Effects of carbon and silicon on microstructure and mechanical properties of pressureless sintered B4C/TiB2 composites

Abstract

B4C/TiB2 ceramic composites were fabricated by reinforcing carbon and silicon (10 wt.% total mass) with the help of pressureless sintering at 2150 °C. The influence of C and Si additives on the phase composition, microstructures and mechanical properties of B4C/TiB2 ceramic composites were investigated through the characterizations of XRD, SEM, BSEM and EDS. Compared to B4C/TiB2 ceramic composites without C-Si additives, coarsely plate-like SiC grains were formed in composites at a C: Si mass ratio ∼0:10. By increasing the C:Si mass ratio, the size of the plate-like SiC grains decreases, while the amount of plate-like SiC grains increases. When the C:Si mass ratio was 7:3, multilamellar graphite appeared on the B4C grain boundary. Moreover a large number of lamellar graphite grains appeared at a mass ratio of C:Si ∼10:0. Graphite reacted with B2O3 on the B4C grain boundary, and the sintered body shrank quickly.

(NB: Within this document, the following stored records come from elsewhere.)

text \<open>V is a d-dimensional vector space over the field 'k with
  basis e_0,...,e_(d-1).  An element of the tensor power V^(p) is represented by its
  coefficient function on index lists (words of length p over {0..<d}); the function
  vanishes outside such words.  Products in T(V) are concatenation of words.\<close>

definition idx :: "nat \<Rightarrow> nat \<Rightarrow> nat list set" where
  "idx d p = {xs. length xs = p \<and> set xs \<subseteq> {..<d}}"

definition tensors :: "nat \<Rightarrow> nat \<Rightarrow> (nat list \<Rightarrow> 'k::field) set" where
  "tensors d p = {f. \<forall>xs. f xs \<noteq> 0 \<longrightarrow> xs \<in> idx d p}"

definition tscale :: "'k::field \<Rightarrow> (nat list \<Rightarrow> 'k) \<Rightarrow> (nat list \<Rightarrow> 'k)" where
  "tscale c f = (\<lambda>xs. c * f xs)"

definition tmul :: "nat \<Rightarrow> (nat list \<Rightarrow> 'k::field) \<Rightarrow> (nat list \<Rightarrow> 'k) \<Rightarrow> (nat list \<Rightarrow> 'k)" where
  "tmul i a b = (\<lambda>xs. a (take i xs) * b (drop i xs))"

text \<open>The linear map R on V\<otimes>V is given by its matrix Rm:
  R(e_a \<otimes> e_b) = \<Sum>_{c,e} Rm c e a b  e_c \<otimes> e_e.
  Rop d Rm p i is R acting on tensor factors i, i+1 (0-based) of V^(p), i.e. the
  paper's R_(i+1)^(p).\<close>
definition Rop :: "nat \<Rightarrow> (nat \<Rightarrow> nat \<Rightarrow> nat \<Rightarrow> nat \<Rightarrow> 'k::field) \<Rightarrow> nat \<Rightarrow> nat
    \<Rightarrow> (nat list \<Rightarrow> 'k) \<Rightarrow> (nat list \<Rightarrow> 'k)" where
  "Rop d Rm p i f = (\<lambda>xs. if xs \<in> idx d p then
      (\<Sum>a<d. \<Sum>b<d. Rm (xs!i) (xs!(i+1)) a b * f (xs[i := a, Suc i := b])) else 0)"

definition hecke :: "nat \<Rightarrow> (nat \<Rightarrow> nat \<Rightarrow> nat \<Rightarrow> nat \<Rightarrow> 'k::field) \<Rightarrow> 'k \<Rightarrow> bool" where
  "hecke d Rm q \<longleftrightarrow> q \<noteq> 0 \<and>
     (\<forall>f\<in>tensors d 3. Rop d Rm 3 0 (Rop d Rm 3 1 (Rop d Rm 3 0 f))
                      = Rop d Rm 3 1 (Rop d Rm 3 0 (Rop d Rm 3 1 f))) \<and>
     (\<forall>f\<in>tensors d 2. let g = Rop d Rm 2 0 f + f in Rop d Rm 2 0 g - tscale q g = 0)"

text \<open>Upsilon^(p): intersection over 1 \<le> i \<le> p-1 of Im(R_i^(p) - q Id);
  for p = 0, 1 the (empty) intersection is the whole of V^(p) (= k, resp. V).\<close>
definition Upsilon :: "nat \<Rightarrow> (nat \<Rightarrow> nat \<Rightarrow> nat \<Rightarrow> nat \<Rightarrow> 'k::field) \<Rightarrow> 'k \<Rightarrow> nat
    \<Rightarrow> (nat list \<Rightarrow> 'k) set" where
  "Upsilon d Rm q p = {f \<in> tensors d p. \<forall>i. Suc i < p \<longrightarrow>
      f \<in> (\<lambda>g. Rop d Rm p i g - tscale q g) ` tensors d p}"

definition tdim :: "(nat list \<Rightarrow> 'k::field) set \<Rightarrow> nat" where
  "tdim S = vector_space.dim (tscale :: 'k \<Rightarrow> _) S"

definition tspan :: "(nat list \<Rightarrow> 'k::field) set \<Rightarrow> (nat list \<Rightarrow> 'k) set" where
  "tspan S = module.span (tscale :: 'k \<Rightarrow> _) S"

text \<open>R_n^(n+1) R_(n-1)^(n+1) ... R_1^(n+1): R_1 is applied first.\<close>
definition Rchain :: "nat \<Rightarrow> (nat \<Rightarrow> nat \<Rightarrow> nat \<Rightarrow> nat \<Rightarrow> 'k::field) \<Rightarrow> nat
    \<Rightarrow> (nat list \<Rightarrow> 'k) \<Rightarrow> (nat list \<Rightarrow> 'k)" where
  "Rchain d Rm n f = foldl (\<lambda>g i. Rop d Rm (Suc n) i g) f [0..<n]"

text \<open>theta given by its matrix Th: theta(e_j) = \<Sum>_i Th i j e_i.  thpow d Th p is
  theta^(\<otimes>p) acting on V^(p) (the degree-p part of the induced map on T(V)).\<close>
definition thpow :: "nat \<Rightarrow> (nat \<Rightarrow> nat \<Rightarrow> 'k::field) \<Rightarrow> nat
    \<Rightarrow> (nat list \<Rightarrow> 'k) \<Rightarrow> (nat list \<Rightarrow> 'k)" where
  "thpow d Th p f = (\<lambda>xs. if xs \<in> idx d p then
      (\<Sum>ys\<in>idx d p. (\<Prod>k<p. Th (xs!k) (ys!k)) * f ys) else 0)"

text \<open>Degree-p component of the two-sided ideal of T(V) generated by W \<subseteq> V^(2):
  the span of all a w b with a \<in> V^(i), w \<in> W, b \<in> V^(p-i-2).\<close>
definition ideal_comp :: "nat \<Rightarrow> (nat list \<Rightarrow> 'k::field) set \<Rightarrow> nat \<Rightarrow> (nat list \<Rightarrow> 'k) set" where
  "ideal_comp d W p = tspan {tmul (i+2) (tmul i a w) b | i a w b.
      i + 2 \<le> p \<and> a \<in> tensors d i \<and> w \<in> W \<and> b \<in> tensors d (p - i - 2)}"

text \<open>Generators of the ideals defining S(V,R) (Im(R - q Id)) and
  Lambda(V,R) (Ker(R - q Id)).\<close>
definition ImRq :: "nat \<Rightarrow> (nat \<Rightarrow> nat \<Rightarrow> nat \<Rightarrow> nat \<Rightarrow> 'k::field) \<Rightarrow> 'k \<Rightarrow> (nat list \<Rightarrow> 'k) set" where
  "ImRq d Rm q = (\<lambda>g. Rop d Rm 2 0 g - tscale q g) ` tensors d 2"

definition KerRq :: "nat \<Rightarrow> (nat \<Rightarrow> nat \<Rightarrow> nat \<Rightarrow> nat \<Rightarrow> 'k::field) \<Rightarrow> 'k \<Rightarrow> (nat list \<Rightarrow> 'k) set" where
  "KerRq d Rm q = {g \<in> tensors d 2. Rop d Rm 2 0 g - tscale q g = 0}"

end

(* Let B = (R_n ... R_1)(R_(n+1) ... R_2) on V^(n+2), the braid that moves the first two tensor
   factors past the last n.  The braid relations give B R_1 = R_(n+1) B, and the defining property
   of theta, applied once for each of the two factors, gives B (w t) = t (theta (x) theta)(w) for
   w in V (x) V.  Evaluating B R_1 (w t) in both ways and cancelling t <> 0 yields
   (theta (x) theta) R = R (theta (x) theta).  Hence theta (x) theta and its inverse preserve
   Ker(R - q) and Im(R - q), and the tensor powers of theta, which are multiplicative, map the
   ideals generated by them onto themselves degree by degree. *)

theory Submission
  imports Defs
begin

interpretation tvec: module "tscale :: 'k::field \<Rightarrow> (nat list \<Rightarrow> 'k) \<Rightarrow> _"
  by unfold_locales (auto simp: tscale_def fun_eq_iff algebra_simps)

abbreviation tlinear :: "((nat list \<Rightarrow> 'k::field) \<Rightarrow> (nat list \<Rightarrow> 'k)) \<Rightarrow> bool" where
  "tlinear \<equiv> module_hom tscale tscale"

lemma tlinearI:
  assumes "\<And>f g. L (f + g) = L f + L g" and "\<And>c f. L (tscale c f) = tscale c (L f)"
  shows "tlinear L"
  using assms tvec.module_axioms by (simp add: module_hom_iff)

lemma tlinear_compose: "tlinear L \<Longrightarrow> tlinear M \<Longrightarrow> tlinear (\<lambda>f. L (M f))"
  using module_hom_compose[of tscale tscale M tscale L] by (simp add: comp_def)

lemma tlinear_tmul_left: "tlinear (\<lambda>a. tmul m a b)"
  by (rule tlinearI) (simp_all add: tmul_def tscale_def fun_eq_iff algebra_simps)

lemma tlinear_tmul_right: "tlinear (\<lambda>b. tmul m a b)"
  by (rule tlinearI) (simp_all add: tmul_def tscale_def fun_eq_iff algebra_simps)

lemma sum_apply_fun: "(\<Sum>a\<in>A. F a) x = (\<Sum>a\<in>A. F a x)"
  by (induct A rule: infinite_finite_induct) auto

subsection \<open>Words and coordinates\<close>

lemma finite_idx: "finite (idx d p)"
proof -
  have "idx d p = {xs. set xs \<subseteq> {..<d} \<and> length xs = p}" by (auto simp: idx_def)
  then show ?thesis by (simp add: finite_lists_length_eq)
qed

lemma idx_add: "xs \<in> idx d (m + k) \<longleftrightarrow> take m xs \<in> idx d m \<and> drop m xs \<in> idx d k"
proof
  assume "xs \<in> idx d (m + k)"
  then show "take m xs \<in> idx d m \<and> drop m xs \<in> idx d k"
    unfolding idx_def by (auto dest: in_set_takeD in_set_dropD)
next
  assume *: "take m xs \<in> idx d m \<and> drop m xs \<in> idx d k"
  then have "length xs = m + k" unfolding idx_def by (cases "m \<le> length xs") auto
  moreover have "set xs \<subseteq> {..<d}"
    using * set_append[of "take m xs" "drop m xs"] unfolding idx_def by auto
  ultimately show "xs \<in> idx d (m + k)" by (simp add: idx_def)
qed

lemma idx_add_eq_append_image: "idx d (m + k) = (\<lambda>(u, v). u @ v) ` (idx d m \<times> idx d k)"
proof
  show "idx d (m + k) \<subseteq> (\<lambda>(u, v). u @ v) ` (idx d m \<times> idx d k)"
  proof
    fix xs assume "xs \<in> idx d (m + k)"
    then have "(take m xs, drop m xs) \<in> idx d m \<times> idx d k" by (simp add: idx_add)
    then show "xs \<in> (\<lambda>(u, v). u @ v) ` (idx d m \<times> idx d k)"
      by (metis (no_types, lifting) append_take_drop_id case_prod_conv image_eqI)
  qed
qed (auto simp: idx_def)

lemma inj_on_append_idx: "inj_on (\<lambda>(u, v). u @ v) (idx d m \<times> idx d k)"
  by (auto simp: inj_on_def idx_def)

lemma idx_Suc_eq_Cons_image: "idx d (Suc p) = (\<lambda>(y, ys). y # ys) ` ({..<d} \<times> idx d p)"
proof
  show "idx d (Suc p) \<subseteq> (\<lambda>(y, ys). y # ys) ` ({..<d} \<times> idx d p)"
  proof
    fix xs assume "xs \<in> idx d (Suc p)"
    then obtain y ys where "xs = y # ys" "y < d" "ys \<in> idx d p"
      by (cases xs) (auto simp: idx_def)
    then show "xs \<in> (\<lambda>(y, ys). y # ys) ` ({..<d} \<times> idx d p)" by force
  qed
qed (auto simp: idx_def)

lemma idx_1: "idx d 1 = (\<lambda>k. [k]) ` {..<d}"
  by (auto simp: idx_def length_Suc_conv)

lemma tensorsD: "f \<in> tensors d p \<Longrightarrow> xs \<notin> idx d p \<Longrightarrow> f xs = 0"
  by (auto simp: tensors_def)

lemma tensors_subspace: "tvec.subspace (tensors d p)"
  by (auto simp: tvec.subspace_def tensors_def tscale_def) (metis add_0)

lemma tmul_tensors: "a \<in> tensors d m \<Longrightarrow> b \<in> tensors d k \<Longrightarrow> tmul m a b \<in> tensors d (m + k)"
  by (auto simp: tensors_def tmul_def idx_add)

lemma tmul_assoc: "tmul (i + j) (tmul i a b) c = tmul i a (tmul j b c)"
  by (simp add: tmul_def fun_eq_iff drop_take add.commute mult.assoc)

lemma tmul_left_cancel:
  assumes "t \<in> tensors d n" "t \<noteq> 0" and "tmul n t g = tmul n t h"
  shows "g = h"
proof
  fix ys
  obtain xs where xs: "t xs \<noteq> 0" using assms(2) by (auto simp: fun_eq_iff)
  then have "length xs = n" using assms(1) by (auto simp: tensors_def idx_def)
  then have "t xs * g ys = t xs * h ys"
    using fun_cong[OF assms(3), of "xs @ ys"] by (simp add: tmul_def)
  then show "g ys = h ys" using xs by simp
qed

definition basis_tensor :: "nat list \<Rightarrow> nat list \<Rightarrow> 'k::field" where
  "basis_tensor xs = (\<lambda>ys. if ys = xs then 1 else 0)"

lemma basis_tensor_tensors: "xs \<in> idx d p \<Longrightarrow> basis_tensor xs \<in> tensors d p"
  by (auto simp: tensors_def basis_tensor_def)

lemma basis_tensor_append:
  "basis_tensor (xs @ ys) = tmul (length xs) (basis_tensor xs) (basis_tensor ys)"
proof
  fix zs
  have "zs = xs @ ys \<longleftrightarrow> take (length xs) zs = xs \<and> drop (length xs) zs = ys"
    using append_eq_conv_conj[of xs ys zs] by auto
  then show "basis_tensor (xs @ ys) zs = tmul (length xs) (basis_tensor xs) (basis_tensor ys) zs"
    by (simp add: basis_tensor_def tmul_def)
qed

lemma tensor_expansion:
  assumes "f \<in> tensors d p"
  shows "f = (\<Sum>xs\<in>idx d p. tscale (f xs) (basis_tensor xs))"
proof
  fix ys
  have "(\<Sum>xs\<in>idx d p. tscale (f xs) (basis_tensor xs)) ys = (\<Sum>xs\<in>idx d p. if ys = xs then f xs else 0)"
    by (simp add: sum_apply_fun tscale_def basis_tensor_def if_distrib cong: if_cong)
  also have "\<dots> = f ys"
    using finite_idx assms by (simp add: sum.delta tensorsD)
  finally show "f ys = (\<Sum>xs\<in>idx d p. tscale (f xs) (basis_tensor xs)) ys" by simp
qed

lemma tlinear_eq_on_tensors:
  assumes "tlinear L" "tlinear M" "\<And>xs. xs \<in> idx d p \<Longrightarrow> L (basis_tensor xs) = M (basis_tensor xs)"
    and "f \<in> tensors d p"
  shows "L f = M f"
proof -
  have expand: "N f = (\<Sum>xs\<in>idx d p. tscale (f xs) (N (basis_tensor xs)))" if "tlinear N" for N
  proof -
    have "N f = N (\<Sum>xs\<in>idx d p. tscale (f xs) (basis_tensor xs))"
      using tensor_expansion[OF assms(4)] by (rule arg_cong)
    then show ?thesis by (simp add: module_hom.sum[OF that] module_hom.scale[OF that])
  qed
  show ?thesis
    using assms(3) by (simp add: expand[OF assms(1)] expand[OF assms(2)])
qed

subsection \<open>The operators \<open>R\<^sub>i\<close>\<close>

lemma Rop_apply:
  "xs \<in> idx d p \<Longrightarrow>
    Rop d Rm p i f xs = (\<Sum>a<d. \<Sum>b<d. Rm (xs!i) (xs!(i+1)) a b * f (xs[i := a, Suc i := b]))"
  by (simp add: Rop_def)

lemma Rop_outside: "xs \<notin> idx d p \<Longrightarrow> Rop d Rm p i f xs = 0"
  by (simp add: Rop_def)

lemma Rop_tensors: "Rop d Rm p i f \<in> tensors d p"
  by (auto simp: tensors_def Rop_def)

lemma tlinear_Rop: "tlinear (Rop d Rm p i)"
  by (rule tlinearI) (simp_all add: Rop_def tscale_def fun_eq_iff distrib_left sum.distrib
      sum_distrib_left mult.left_commute)

lemma idx_list_update2: "xs \<in> idx d p \<Longrightarrow> a < d \<Longrightarrow> b < d \<Longrightarrow> xs[i := a, j := b] \<in> idx d p"
  by (simp add: idx_def set_update_subsetI)

lemma Rop_cong:
  assumes "\<And>xs. xs \<in> idx d p \<Longrightarrow> f xs = g xs"
  shows "Rop d Rm p i f = Rop d Rm p i g"
  unfolding Rop_def using assms idx_list_update2 by (intro ext) (auto intro!: sum.cong)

Due to the presence of lamellar graphite, the relative density of the sintered body significantly increased from 89.2% to 98.9%. The mechanical properties such as flexural strength ∼336 MPa (∼26.79% increment) and fracture toughness ∼ 5.11 MPam1/2 (∼21.19% increment) were significantly improved compared with the B4C/TiB2 ceramic composite.